I wonder why you praise God for sending his son at Christmas. Is it because of the forgiveness that Jesus’ later death and resurrection would afford? Is it because Jesus was the means by which we can have a restored relationship with God? Is it because we remember how the first stage of the promise of a (distant) future to be spent in God’s new creation was beginning to be put into action? These reasons are good reasons to praise God for sending his son into the world. But going to this year’s carol services and hearing the typical Christmas readings each week has made me, yet again, re-evaluate my reasons for praising God at Christmas.
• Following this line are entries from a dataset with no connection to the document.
(* Let $\alpha,\beta,\gamma\in\mathbb{C}$ and $k\in\mathbb{N}$, and consider the difference equation $$z_{n+1}=\frac{\alpha+\beta z_{n-k}}{\gamma-z_n},\qquad n=0,1,2,\ldots,$$ with complex initial conditions $z_{-k},\dots,z_{-1},z_0$. Let $s=\sqrt{(\beta-\gamma)^2-4\alpha}=\sqrt{-4\alpha+\beta^2-2\beta\gamma+\gamma^2}$ and let $\bar z_2=\frac{1}{2}\left(s-\beta+\gamma\right)$, which is a fixed point of the equation. If $$\left|\frac{2\beta}{-s+\beta+\gamma}\right|+\left|\frac{\gamma\left(s-\beta+\gamma\right)-2\alpha}{2(\alpha+\beta\gamma)}\right|<1,$$ then $\bar z_2$ is locally asymptotically stable.
   Context: Here $\sqrt{\cdot}$ denotes a fixed complex square root, used consistently in all occurrences. A fixed point $\bar z$ of $z_{n+1}=f(z_n,\dots,z_{n-k})$ is a point with $\bar z=f(\bar z,\dots,\bar z)$. It is locally asymptotically stable if for every $\epsilon>0$ there is $\delta>0$ such that $|z_{-k}-\bar z|+\dots+|z_0-\bar z|<\delta$ implies $|z_n-\bar z|<\epsilon$ for all $n\ge -k$ (and solutions converge to $\bar z$), as determined via the linearization of the equation at $\bar z$. *)

theory Defs
  imports "HOL-Analysis.Analysis"
begin

text \<open>A solution of z(n+1) = (alpha + beta z(n-k)) / (gamma - z(n)), n = 0,1,2,...,
  is encoded as x :: nat => complex with x i = z(i - k); so x 0, ..., x k are the
  initial conditions z(-k), ..., z(0), and the recurrence reads
  x (n + k + 1) = (alpha + beta * x n) / (gamma - x (n + k)).\<close>

definition is_solution :: "complex \<Rightarrow> complex \<Rightarrow> complex \<Rightarrow> nat \<Rightarrow> (nat \<Rightarrow> complex) \<Rightarrow> bool" where
  "is_solution \<alpha> \<beta> \<gamma> k x \<longleftrightarrow>
     (\<forall>n. x (n + k + 1) = (\<alpha> + \<beta> * x n) / (\<gamma> - x (n + k)))"

definition is_fixed_point :: "complex \<Rightarrow> complex \<Rightarrow> complex \<Rightarrow> complex \<Rightarrow> bool" where
  "is_fixed_point \<alpha> \<beta> \<gamma> zb \<longleftrightarrow> zb = (\<alpha> + \<beta> * zb) / (\<gamma> - zb)"

definition locally_asymptotically_stable ::
    "complex \<Rightarrow> complex \<Rightarrow> complex \<Rightarrow> nat \<Rightarrow> complex \<Rightarrow> bool" where
  "locally_asymptotically_stable \<alpha> \<beta> \<gamma> k zb \<longleftrightarrow>
     (\<forall>\<epsilon>>0. \<exists>\<delta>>0. \<forall>x. is_solution \<alpha> \<beta> \<gamma> k x \<and> (\<Sum>i\<le>k. norm (x i - zb)) < \<delta>
          \<longrightarrow> (\<forall>n. norm (x n - zb) < \<epsilon>)) \<and>
     (\<exists>\<eta>>0. \<forall>x. is_solution \<alpha> \<beta> \<gamma> k x \<and> (\<Sum>i\<le>k. norm (x i - zb)) < \<eta>
          \<longrightarrow> x \<longlonglongrightarrow> zb)"

end

theory Submission
  imports Defs
begin

text \<open>Write \<open>D = \<gamma> - z\<close> for a fixed point \<open>z\<close>. The deviation \<open>e\<^sub>n = z\<^sub>n - z\<close> obeys the exact
  identity \<open>e\<^sub>n\<^sub>+\<^sub>1 = (\<beta> e\<^sub>n\<^sub>-\<^sub>k + z e\<^sub>n) / (D - e\<^sub>n)\<close>. The hypothesis of the theorem is the
  linearized stability condition \<open>|\<beta>| + |z| < |D|\<close> in disguise, so for small deviations the
  denominator stays away from zero and every step of \<open>k + 1\<close> iterations contracts the
  deviation by a fixed factor \<open>c < 1\<close>; hence \<open>|e\<^sub>n| \<le> (\<Sum>i\<le>k. |e\<^sub>i|) c\<^bsup>n div (k+1)\<^esup>\<close>.\<close>

lemma is_fixed_point_iff:
  assumes "\<gamma> \<noteq> z"
  shows "is_fixed_point \<alpha> \<beta> \<gamma> z \<longleftrightarrow> z * (\<gamma> - z) = \<alpha> + \<beta> * z"
  using assms unfolding is_fixed_point_def by (auto simp: field_simps)

lemma fixed_point_of_discriminant_root:
  fixes \<alpha> \<beta> \<gamma> s :: complex
  assumes "s\<^sup>2 = (\<beta> - \<gamma>)\<^sup>2 - 4 * \<alpha>"
  shows "(s - \<beta> + \<gamma>) / 2 * (\<gamma> - (s - \<beta> + \<gamma>) / 2) = \<alpha> + \<beta> * ((s - \<beta> + \<gamma>) / 2)"
  using assms by (simp add: field_simps power2_eq_square) algebra

lemma fixed_point_ratio:
  fixes \<alpha> \<beta> \<gamma> z :: complex
  assumes fp: "z * (\<gamma> - z) = \<alpha> + \<beta> * z" and "\<gamma> \<noteq> z" and "\<alpha> + \<beta> * \<gamma> \<noteq> 0"
  shows "(\<gamma> * z - \<alpha>) / (\<alpha> + \<beta> * \<gamma>) = z / (\<gamma> - z)"
proof -
  have "(\<gamma> * z - \<alpha>) * (\<gamma> - z) = z * (\<alpha> + \<beta> * \<gamma>)"
    using fp by algebra
  then show ?thesis
    using assms(2,3) by (simp add: frac_eq_eq)
qed

lemma fixed_point_deviation:
  fixes \<alpha> \<beta> \<gamma> z y w :: complex
  assumes fp: "z * (\<gamma> - z) = \<alpha> + \<beta> * z" and w: "\<gamma> \<noteq> w"
  shows "(\<alpha> + \<beta> * y) / (\<gamma> - w) - z = (\<beta> * (y - z) + z * (w - z)) / (\<gamma> - w)"
proof -
  have "\<alpha> + \<beta> * y - z * (\<gamma> - w) = \<beta> * (y - z) + z * (w - z)"
    using fp by (simp add: algebra_simps)
  then show ?thesis
    using w by (simp add: field_simps)
qed

lemma fixed_point_deviation_step:
  fixes \<alpha> \<beta> \<gamma> z y w :: complex and T r :: real
  assumes fp: "z * (\<gamma> - z) = \<alpha> + \<beta> * z" and r: "r < norm (\<gamma> - z)"
    and y: "norm (y - z) \<le> T" and w: "norm (w - z) \<le> T" and T: "T \<le> r"
  shows "norm ((\<alpha> + \<beta> * y) / (\<gamma> - w) - z) \<le> (norm \<beta> + norm z) / (norm (\<gamma> - z) - r) * T"
proof -
  have "norm (\<gamma> - z) - r \<le> norm (\<gamma> - z) - norm (w - z)"
    using w T by simp
  also have "\<dots> \<le> norm (\<gamma> - w)"
    using norm_triangle_ineq2[of "\<gamma> - z" "w - z"] by simp
  finally have den: "norm (\<gamma> - z) - r \<le> norm (\<gamma> - w)" .
  have den_pos: "0 < norm (\<gamma> - z) - r"
    using r by simp
  have w_ne: "\<gamma> \<noteq> w"
    using den den_pos by auto
  have "norm (\<beta> * (y - z) + z * (w - z)) \<le> norm \<beta> * norm (y - z) + norm z * norm (w - z)"
    by (metis norm_mult norm_triangle_ineq)
  also have "\<dots> \<le> (norm \<beta> + norm z) * T"
    using y w by (simp add: distrib_right add_mono mult_left_mono)
  finally have num: "norm (\<beta> * (y - z) + z * (w - z)) \<le> (norm \<beta> + norm z) * T" .
  have "norm ((\<alpha> + \<beta> * y) / (\<gamma> - w) - z) = norm (\<beta> * (y - z) + z * (w - z)) / norm (\<gamma> - w)"
    using fixed_point_deviation[OF fp w_ne] by (simp add: norm_divide)
  also have "\<dots> \<le> norm (\<beta> * (y - z) + z * (w - z)) / (norm (\<gamma> - z) - r)"
    using den den_pos by (simp add: frac_le)
  also have "\<dots> \<le> (norm \<beta> + norm z) * T / (norm (\<gamma> - z) - r)"
    using num den_pos by (simp add: divide_right_mono)
  finally show ?thesis
    by simp
qed

lemma solution_deviation_decay:
  fixes x :: "nat \<Rightarrow> complex" and \<alpha> \<beta> \<gamma> z :: complex and r c :: real
  assumes fp: "z * (\<gamma> - z) = \<alpha> + \<beta> * z" and sol: "is_solution \<alpha> \<beta> \<gamma> k x"
    and r: "r < norm (\<gamma> - z)"
    and c: "c = (norm \<beta> + norm z) / (norm (\<gamma> - z) - r)" and c_le_1: "c \<le> 1"
    and init: "(\<Sum>i\<le>k. norm (x i - z)) \<le> r"
  shows "norm (x n - z) \<le> (\<Sum>i\<le>k. norm (x i - z)) * c ^ (n div (k + 1))"
proof (induction n rule: less_induct)
  case (less n)
  define B where "B = (\<Sum>i\<le>k. norm (x i - z))"
  have B_nonneg: "0 \<le> B"
    unfolding B_def by (simp add: sum_nonneg)
  have c_nonneg: "0 \<le> c"
    using c r by simp
  show ?case
  proof (cases "n \<le> k")
    case True
    have "norm (x n - z) \<le> (\<Sum>i\<le>k. norm (x i - z))"
      using True by (intro member_le_sum[of n "{..k}" "\<lambda>i. norm (x i - z)"]) simp_all
    then show ?thesis
      using True by simp
  next
    case False
    then have "n = (n - k - 1) + k + 1"
      by simp
    then obtain m where n: "n = m + k + 1"
      by blast
    define T where "T = B * c ^ (m div (k + 1))"
    have "T \<le> B"
      unfolding T_def using B_nonneg c_nonneg c_le_1 by (simp add: mult_left_le power_le_one)
    then have T_le: "T \<le> r"
      using init unfolding B_def by simp
    have dev_m: "norm (x m - z) \<le> T"
      using less.IH[of m] n unfolding T_def B_def by simp
    have "norm (x (m + k) - z) \<le> B * c ^ ((m + k) div (k + 1))"
      using less.IH[of "m + k"] n unfolding B_def by simp
    also have "\<dots> \<le> T"
      unfolding T_def using B_nonneg c_nonneg c_le_1
      by (intro mult_left_mono power_decreasing div_le_mono) auto
    finally have dev_mk: "norm (x (m + k) - z) \<le> T" .
    have "x n = (\<alpha> + \<beta> * x m) / (\<gamma> - x (m + k))"
      using sol n unfolding is_solution_def by blast
    then have "norm (x n - z) \<le> c * T"
      using fixed_point_deviation_step[OF fp r dev_m dev_mk T_le] c by simp
    also have "n div (k + 1) = Suc (m div (k + 1))"
      using n div_add_self2[of "k + 1" m] by (simp add: add.assoc)
    then have "c * T = B * c ^ (n div (k + 1))"
      unfolding T_def by (simp add: ac_simps)
    finally show ?thesis
      unfolding B_def .
  qed
qed

lemma locally_asymptotically_stableI:
  fixes z :: complex and r c :: real
  assumes r: "0 < r" and c: "0 \<le> c" "c < 1"
    and decay: "\<And>x n. is_solution \<alpha> \<beta> \<gamma> k x \<Longrightarrow> (\<Sum>i\<le>k. norm (x i - z)) < r
      \<Longrightarrow> norm (x n - z) \<le> (\<Sum>i\<le>k. norm (x i - z)) * c ^ (n div (k + 1))"
  shows "locally_asymptotically_stable \<alpha> \<beta> \<gamma> k z"
  unfolding locally_asymptotically_stable_def
proof (intro conjI allI impI)
  fix \<epsilon> :: real
  assume "0 < \<epsilon>"
  show "\<exists>\<delta>>0. \<forall>x. is_solution \<alpha> \<beta> \<gamma> k x \<and> (\<Sum>i\<le>k. norm (x i - z)) < \<delta>
          \<longrightarrow> (\<forall>n. norm (x n - z) < \<epsilon>)"
  proof (intro exI[of _ "min \<epsilon> r"] conjI allI impI)
    fix x n
    assume x: "is_solution \<alpha> \<beta> \<gamma> k x \<and> (\<Sum>i\<le>k. norm (x i - z)) < min \<epsilon> r"
    have "norm (x n - z) \<le> (\<Sum>i\<le>k. norm (x i - z)) * c ^ (n div (k + 1))"
      using decay x by simp
    also have "\<dots> \<le> (\<Sum>i\<le>k. norm (x i - z))"
      using c by (simp add: sum_nonneg mult_left_le power_le_one)
    finally show "norm (x n - z) < \<epsilon>"
      using x by simp
  qed (use \<open>0 < \<epsilon>\<close> r in simp)
next
  have power_div: "(\<lambda>n. c ^ (n div (k + 1))) \<longlonglongrightarrow> 0"
    using filterlim_compose[OF LIMSEQ_power_zero filterlim_at_top_div_const_nat, of c "k + 1"] c
    by (simp add: o_def)
  show "\<exists>\<eta>>0. \<forall>x. is_solution \<alpha> \<beta> \<gamma> k x \<and> (\<Sum>i\<le>k. norm (x i - z)) < \<eta> \<longrightarrow> x \<longlonglongrightarrow> z"
  proof (intro exI[of _ r] conjI allI impI)
    fix x
    assume x: "is_solution \<alpha> \<beta> \<gamma> k x \<and> (\<Sum>i\<le>k. norm (x i - z)) < r"
    have "(\<lambda>n. x n - z) \<longlonglongrightarrow> 0"
    proof (rule Lim_null_comparison)
      show "\<forall>\<^sub>F n in sequentially. norm (x n - z) \<le> (\<Sum>i\<le>k. norm (x i - z)) * c ^ (n div (k + 1))"
        using decay x by simp
      show "(\<lambda>n. (\<Sum>i\<le>k. norm (x i - z)) * c ^ (n div (k + 1))) \<longlonglongrightarrow> 0"
        using tendsto_mult_right_zero[OF power_div] by simp
    qed
    then show "x \<longlonglongrightarrow> z"
      by (simp add: LIM_zero_iff)
  qed (use r in simp)
qed

lemma locally_asymptotically_stable_fixed_point:
  fixes \<alpha> \<beta> \<gamma> z :: complex
  assumes fp: "z * (\<gamma> - z) = \<alpha> + \<beta> * z" and dominant: "norm \<beta> + norm z < norm (\<gamma> - z)"
  shows "locally_asymptotically_stable \<alpha> \<beta> \<gamma> k z"
proof -
  define r where "r = (norm (\<gamma> - z) - (norm \<beta> + norm z)) / 2"
  define c where "c = (norm \<beta> + norm z) / (norm (\<gamma> - z) - r)"
  have r_pos: "0 < r"
    using dominant unfolding r_def by simp
  have gap: "norm \<beta> + norm z < norm (\<gamma> - z) - r"
    using dominant unfolding r_def by (simp add: field_simps)
  then have r_lt: "r < norm (\<gamma> - z)"
    using norm_ge_zero[of \<beta>] norm_ge_zero[of z] by linarith
  have "0 \<le> c" "c < 1"
    using gap r_lt unfolding c_def by simp_all
  then show ?thesis
    using r_pos solution_deviation_decay[OF fp _ r_lt c_def]
    by (intro locally_asymptotically_stableI[of r c]) auto
qed

theorem theorem2p2:
  fixes \<alpha> \<beta> \<gamma> s :: complex and k :: nat
  assumes hs: "s\<^sup>2 = (\<beta> - \<gamma>)\<^sup>2 - 4 * \<alpha>"
    and hden1: "- s + \<beta> + \<gamma> \<noteq> 0"
    and hden2: "\<alpha> + \<beta> * \<gamma> \<noteq> 0"
    and hcond: "norm (2 * \<beta> / (- s + \<beta> + \<gamma>))
              + norm ((\<gamma> * (s - \<beta> + \<gamma>) - 2 * \<alpha>) / (2 * (\<alpha> + \<beta> * \<gamma>))) < 1"
  shows "is_fixed_point \<alpha> \<beta> \<gamma> ((s - \<beta> + \<gamma>) / 2)
       \<and> locally_asymptotically_stable \<alpha> \<beta> \<gamma> k ((s - \<beta> + \<gamma>) / 2)"
proof -
  define z where "z = (s - \<beta> + \<gamma>) / 2"
  have D: "- s + \<beta> + \<gamma> = 2 * (\<gamma> - z)"
    unfolding z_def by (simp add: field_simps)
  have D_nonzero: "\<gamma> - z \<noteq> 0"
    using D hden1 by simp
  have fp: "z * (\<gamma> - z) = \<alpha> + \<beta> * z"
    using fixed_point_of_discriminant_root[OF hs] unfolding z_def .
  have "(\<gamma> * z - \<alpha>) / (\<alpha> + \<beta> * \<gamma>) = z / (\<gamma> - z)"
    using fixed_point_ratio[OF fp] D_nonzero hden2 by simp
  moreover have "\<gamma> * (s - \<beta> + \<gamma>) - 2 * \<alpha> = 2 * (\<gamma> * z - \<alpha>)"
    unfolding z_def by (simp add: field_simps)
  ultimately have "(\<gamma> * (s - \<beta> + \<gamma>) - 2 * \<alpha>) / (2 * (\<alpha> + \<beta> * \<gamma>)) = z / (\<gamma> - z)"
    by (simp only: mult_divide_mult_cancel_left_if) simp
  moreover have "2 * \<beta> / (- s + \<beta> + \<gamma>) = \<beta> / (\<gamma> - z)"
    unfolding D by (rule mult_divide_mult_cancel_left) simp
  ultimately have "norm \<beta> + norm z < norm (\<gamma> - z)"
    using hcond D_nonzero by (simp add: norm_divide field_simps)
  then show ?thesis
    using fp D_nonzero is_fixed_point_iff locally_asymptotically_stable_fixed_point
    unfolding z_def[symmetric] by auto
qed

end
Zechariah, in his song at the beginning of Luke’s gospel, sings of his delight having foreseen the arrival of Jesus. What makes his song particularly interesting are his reasons for praise. Of particular note is that these have nothing overtly to do with his own forgiveness, his own sin, his assurance of eternity. No, Zechariah’s reasons are much ‘earthier.’ Here’s his song:

68 “Praise be to the Lord, the God of Israel,
because he has come to his people and redeemed them.
69 He has raised up a horn of salvation for us
in the house of his servant David
70 (as he said through his holy prophets of long ago),
71 salvation from our enemies
and from the hand of all who hate us—
72 to show mercy to our ancestors
and to remember his holy covenant,
73     the oath he swore to our father Abraham:
74 to rescue us from the hand of our enemies,
and to enable us to serve him without fear
75     in holiness and righteousness before him all our days.

Zechariah’s reasons for praising are because his (and Israel’s) enemies, ‘those who hate’ him and whom he fears will be done away with. He will be ‘redeemed’ and ‘rescued’. ‘Salvation’ from them has come. Zechariah’s reasons for praise are far from reasons of personal piety. Zechariah’s reasons are that God has, in sending King Jesus, brought about a new age. An age in which the world’s enemies will be overthrown and God’s people can serve him without fear.

This was a great encouragement to me as I read this passage. The stresses and strains of writing a PhD, of keeping up with teaching, of being anxious about that job I hoped to get were put into context. And the fears, hatred and fighting of our world at the end of 2015, like the oppression of the Middle East when Quirinius was governor of Syria, can also be understood in a new light. The King of the universe has arrived. I need not spend Christmas reflecting upon these things as one who has no hope, but as one who has seen the King arrive and beginning to conquer.